Work required:
Find the lines in the records that carry the word "cases". Copy each one.

★ ★ ★

(* Let $n\ge 3$ and let $\gamma,\delta\in\mathbb{R}$ be arbitrary. Define $P(\rho) = -\frac{2n+\delta}{n(n-1)} + \frac{(\delta-\gamma)\rho}{n(n+1)} + \frac{\gamma\rho^2}{(n+1)(n+2)}$, $\alpha = -1 - \frac{\delta}{n(n+1)} - \frac{\gamma}{(n+1)(n+2)}$, $\beta = \frac{n+1}{n-1} + \frac{\delta}{n(n-1)} + \frac{\gamma}{n(n+1)}$, and $Q(\rho) = \rho^{n-1} - \rho^n - \rho^nP(\rho) - \alpha - \beta\rho$. Then: (1) the polynomial $\rho^{n+1} - \rho^n + \rho^nP(\rho) + \alpha + \beta\rho$ has a zero of order at least $3$ at $\rho=1$; (2) $Q(1) = Q'(1) = 0$ and $Q''(1) = 2$; in particular $Q$ has a zero of order exactly $2$ at $\rho=1$. In particular, $\rho=1$ is a removable singularity of the rational function $h''(\rho) = \frac{\rho^{n+1} - \rho^n + \rho^nP(\rho) + \alpha + \beta\rho}{(1-\rho)\rho\,Q(\rho)}$. *)

theory Defs
  imports Complex_Main "HOL-Computational_Algebra.Polynomial"
begin

definition Ppoly :: "nat \<Rightarrow> real \<Rightarrow> real \<Rightarrow> real poly" where
  "Ppoly n \<gamma> \<delta> =
     [: - (2 * real n + \<delta>) / (real n * (real n - 1)),
        (\<delta> - \<gamma>) / (real n * (real n + 1)),
        \<gamma> / ((real n + 1) * (real n + 2)) :]"

definition alpha :: "nat \<Rightarrow> real \<Rightarrow> real \<Rightarrow> real" where
  "alpha n \<gamma> \<delta> = -1 - \<delta> / (real n * (real n + 1)) - \<gamma> / ((real n + 1) * (real n + 2))"

definition beta :: "nat \<Rightarrow> real \<Rightarrow> real \<Rightarrow> real" where
  "beta n \<gamma> \<delta> = (real n + 1) / (real n - 1) + \<delta> / (real n * (real n - 1))
                    + \<gamma> / (real n * (real n + 1))"

definition Npoly :: "nat \<Rightarrow> real \<Rightarrow> real \<Rightarrow> real poly" where
  "Npoly n \<gamma> \<delta> = monom 1 (n + 1) - monom 1 n + monom 1 n * Ppoly n \<gamma> \<delta>
                    + [: alpha n \<gamma> \<delta>, beta n \<gamma> \<delta> :]"

definition Qpoly :: "nat \<Rightarrow> real \<Rightarrow> real \<Rightarrow> real poly" where
  "Qpoly n \<gamma> \<delta> = monom 1 (n - 1) - monom 1 n - monom 1 n * Ppoly n \<gamma> \<delta>
                    - [: alpha n \<gamma> \<delta>, beta n \<gamma> \<delta> :]"

end

theory Submission
  imports Defs
begin

text \<open>
  The two polynomials are complementary: \<open>N + Q = \<rho>^(n-1) (\<rho> - 1)^2\<close>.
  A direct computation gives \<open>Q(1) = Q'(1) = 0\<close> and \<open>Q''(1) = 2\<close>, so
  \<open>Q = (\<rho> - 1)^2 R\<close> with \<open>R(1) = 1\<close>. Hence \<open>N = (\<rho> - 1)^2 (\<rho>^(n-1) - R)\<close>, and
  the second factor vanishes at 1, giving the triple zero \<open>N = (\<rho> - 1)^3 S\<close>. The
  quotient \<open>N / ((1 - \<rho>) \<rho> Q)\<close> then agrees off 1 with \<open>-S / (\<rho> R)\<close>, continuous at 1.
\<close>

lemma double_root_factor:
  fixes p :: "'a::idom poly"
  assumes "poly p a = 0" and "poly (pderiv p) a = 0"
  obtains r where "p = [:-a, 1:] ^ 2 * r" and "poly (pderiv (pderiv p)) a = 2 * poly r a"
proof -
  obtain q where q: "p = [:-a, 1:] * q"
    using assms(1) by (auto simp: poly_eq_0_iff_dvd)
  have "poly q a = 0"
    using assms(2) unfolding q pderiv_mult by (simp add: pderiv_pCons)
  then obtain r where r: "q = [:-a, 1:] * r"
    by (auto simp: poly_eq_0_iff_dvd)
  show thesis
  proof
    show "p = [:-a, 1:] ^ 2 * r"
      unfolding q r power2_eq_square by (simp only: mult.assoc)
    show "poly (pderiv (pderiv p)) a = 2 * poly r a"
      unfolding q r by (simp only: pderiv_mult pderiv_add) (simp add: pderiv_pCons)
  qed
qed

lemma order_square_factor:
  fixes r :: "'a::idom poly"
  assumes "poly r a \<noteq> 0"
  shows "order a ([:-a, 1:] ^ 2 * r) = 2"
proof -
  have "r \<noteq> 0" using assms by auto
  then have "order a ([:-a, 1:] ^ 2 * r) = order a ([:-a, 1:] ^ 2) + order a r"
    by (simp add: order_mult)
  also have "\<dots> = 2"
    using assms by (simp add: order_power_n_n order_0I)
  finally show ?thesis .
qed

lemma poly_pderiv_monom_mult_at_1:
  fixes G :: "'a::idom poly"
  shows "poly (pderiv (monom 1 k * G)) 1 = of_nat k * poly G 1 + poly (pderiv G) 1"
  by (simp add: pderiv_mult pderiv_monom poly_monom)

lemma poly_pderiv2_monom_mult_at_1:
  fixes G :: "'a::idom poly"
  shows "poly (pderiv (pderiv (monom 1 k * G))) 1
    = of_nat k * (of_nat k - 1) * poly G 1 + 2 * of_nat k * poly (pderiv G) 1
      + poly (pderiv (pderiv G)) 1"
  by (cases k) (simp_all add: pderiv_mult pderiv_add pderiv_monom poly_monom algebra_simps)

text \<open>The factor \<open>* 1\<close> puts both monomials in the shape \<open>monom 1 k * G\<close> handled above.\<close>

lemma Qpoly_eq_monom_mult:
  "Qpoly n \<gamma> \<delta> = monom 1 (n - 1) * 1 - monom 1 n * (1 + Ppoly n \<gamma> \<delta>)
     - [:alpha n \<gamma> \<delta>, beta n \<gamma> \<delta>:]"
  unfolding Qpoly_def by (simp add: algebra_simps)

lemma Ppoly_at_1:
  "poly (Ppoly n \<gamma> \<delta>) 1 = - (2 * real n + \<delta>) / (real n * (real n - 1))
     + (\<delta> - \<gamma>) / (real n * (real n + 1)) + \<gamma> / ((real n + 1) * (real n + 2))"
  "poly (pderiv (Ppoly n \<gamma> \<delta>)) 1
     = (\<delta> - \<gamma>) / (real n * (real n + 1)) + 2 * \<gamma> / ((real n + 1) * (real n + 2))"
  "poly (pderiv (pderiv (Ppoly n \<gamma> \<delta>))) 1 = 2 * \<gamma> / ((real n + 1) * (real n + 2))"
  by (simp_all add: Ppoly_def pderiv_pCons)

lemma Qpoly_at_1:
  assumes "n \<ge> 3"
  shows "poly (Qpoly n \<gamma> \<delta>) 1 = 0"
    and "poly (pderiv (Qpoly n \<gamma> \<delta>)) 1 = 0"
    and "poly (pderiv (pderiv (Qpoly n \<gamma> \<delta>))) 1 = 2"
proof -
  define x where "x = real n"
  have "x > 1" and n1: "real (n - Suc 0) = x - 1"
    using assms by (auto simp: x_def)
  then have nz: "x \<noteq> 0" "x - 1 \<noteq> 0" "x + 1 \<noteq> 0" "x + 2 \<noteq> 0" by auto
  show "poly (Qpoly n \<gamma> \<delta>) 1 = 0"
    unfolding Qpoly_eq_monom_mult using nz
    by (simp add: poly_monom Ppoly_at_1 alpha_def beta_def divide_simps flip: x_def)
      (simp add: algebra_simps)
  show "poly (pderiv (Qpoly n \<gamma> \<delta>)) 1 = 0"
    unfolding Qpoly_eq_monom_mult pderiv_diff poly_diff poly_pderiv_monom_mult_at_1 using nz
    by (simp add: n1 Ppoly_at_1 beta_def pderiv_pCons pderiv_add divide_simps flip: x_def)
      (simp add: algebra_simps)
  show "poly (pderiv (pderiv (Qpoly n \<gamma> \<delta>))) 1 = 2"
    unfolding Qpoly_eq_monom_mult pderiv_diff poly_diff poly_pderiv2_monom_mult_at_1 using nz
    by (simp add: n1 Ppoly_at_1 pderiv_pCons pderiv_add divide_simps flip: x_def)
      (simp add: algebra_simps)
qed

lemma Npoly_plus_Qpoly:
  assumes "n \<ge> 1"
  shows "Npoly n \<gamma> \<delta> + Qpoly n \<gamma> \<delta> = monom 1 (n - 1) * [:-1, 1:] ^ 2"
proof -
  obtain m where n: "n = Suc m" using assms by (cases n) auto
  show ?thesis unfolding Npoly_def Qpoly_def n
    by (rule poly_ext) (simp add: poly_monom algebra_simps power2_eq_square)
qed

lemma removable_singularity_at_1:
  fixes N Q R :: "real poly"
  assumes "[:-1, 1:] ^ 3 dvd N" and "Q = [:-1, 1:] ^ 2 * R" and "poly R 1 \<noteq> 0"
  shows "\<exists>L. ((\<lambda>\<rho>. poly N \<rho> / ((1 - \<rho>) * \<rho> * poly Q \<rho>)) \<longlongrightarrow> L) (at 1)"
proof -
  obtain S where N: "N = [:-1, 1:] ^ 3 * S" using assms(1) by blast
  define G where "G \<rho> = - poly S \<rho> / (\<rho> * poly R \<rho>)" for \<rho> :: real
  have "isCont G 1" unfolding G_def using assms(3) by (intro continuous_intros) auto
  then have "(G \<longlongrightarrow> G 1) (at 1)" by (simp add: isCont_def)
  moreover have "G \<rho> = poly N \<rho> / ((1 - \<rho>) * \<rho> * poly Q \<rho>)" if "\<rho> \<noteq> 1" for \<rho>
  proof -
    have "poly N \<rho> = (\<rho> - 1) ^ 2 * (\<rho> - 1) * poly S \<rho>"
      and "(1 - \<rho>) * \<rho> * poly Q \<rho> = (\<rho> - 1) ^ 2 * (\<rho> - 1) * - (\<rho> * poly R \<rho>)"
      by (simp_all add: N assms(2) power2_eq_square power3_eq_cube algebra_simps)
    with that show ?thesis
      by (simp only: mult.assoc mult_divide_mult_cancel_left_if) (simp add: G_def)
  qed
  then have "\<forall>\<^sub>F \<rho> in at 1. G \<rho> = poly N \<rho> / ((1 - \<rho>) * \<rho> * poly Q \<rho>)"
    by (auto simp: eventually_at_filter)
  ultimately show ?thesis by (blast intro: tendsto_cong[THEN iffD1])
qed

theorem lemma4p5:
  fixes n :: nat and \<gamma> \<delta> :: real
  assumes "n \<ge> 3"
  shows "[:-1, 1:] ^ 3 dvd Npoly n \<gamma> \<delta>
    \<and> poly (Qpoly n \<gamma> \<delta>) 1 = 0
    \<and> poly (pderiv (Qpoly n \<gamma> \<delta>)) 1 = 0
    \<and> poly (pderiv (pderiv (Qpoly n \<gamma> \<delta>))) 1 = 2
    \<and> order 1 (Qpoly n \<gamma> \<delta>) = 2 
    \<and> (\<exists>L. ((\<lambda>\<rho>. poly (Npoly n \<gamma> \<delta>) \<rho> / ((1 - \<rho>) * \<rho> * poly (Qpoly n \<gamma> \<delta>) \<rho>))
               \<longlongrightarrow> L) (at 1))"
proof -
  note Q = Qpoly_at_1[OF assms, of \<gamma> \<delta>]
  obtain R where QR: "Qpoly n \<gamma> \<delta> = [:-1, 1:] ^ 2 * R" and "2 = 2 * poly R 1"
    using double_root_factor[OF Q(1,2)] Q(3) by metis
  then have R1: "poly R 1 = 1" by simp
  have "Npoly n \<gamma> \<delta> = [:-1, 1:] ^ 2 * (monom 1 (n - 1) - R)"
    using Npoly_plus_Qpoly[of n \<gamma> \<delta>] assms
    by (simp only: QR right_diff_distrib mult.commute[of "monom 1 (n - 1)"] eq_diff_eq)
  moreover have "[:-1, 1:] dvd monom 1 (n - 1) - R"
    using R1 by (simp add: poly_eq_0_iff_dvd[symmetric] poly_monom)
  ultimately have N: "[:-1, 1:] ^ 3 dvd Npoly n \<gamma> \<delta>"
    by (metis mult_dvd_mono dvd_refl power_Suc2 numeral_3_eq_3 numeral_2_eq_2)
  show ?thesis
    using N Q order_square_factor[of R 1] removable_singularity_at_1[OF N QR] R1
    by (simp add: QR)
qed

end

★ ★ ★

Exercise output:
  by (cases k) (simp_all add: pderiv_mult pderiv_add pderiv_monom poly_monom algebra_simps)
  obtain m where n: "n = Suc m" using assms by (cases n) auto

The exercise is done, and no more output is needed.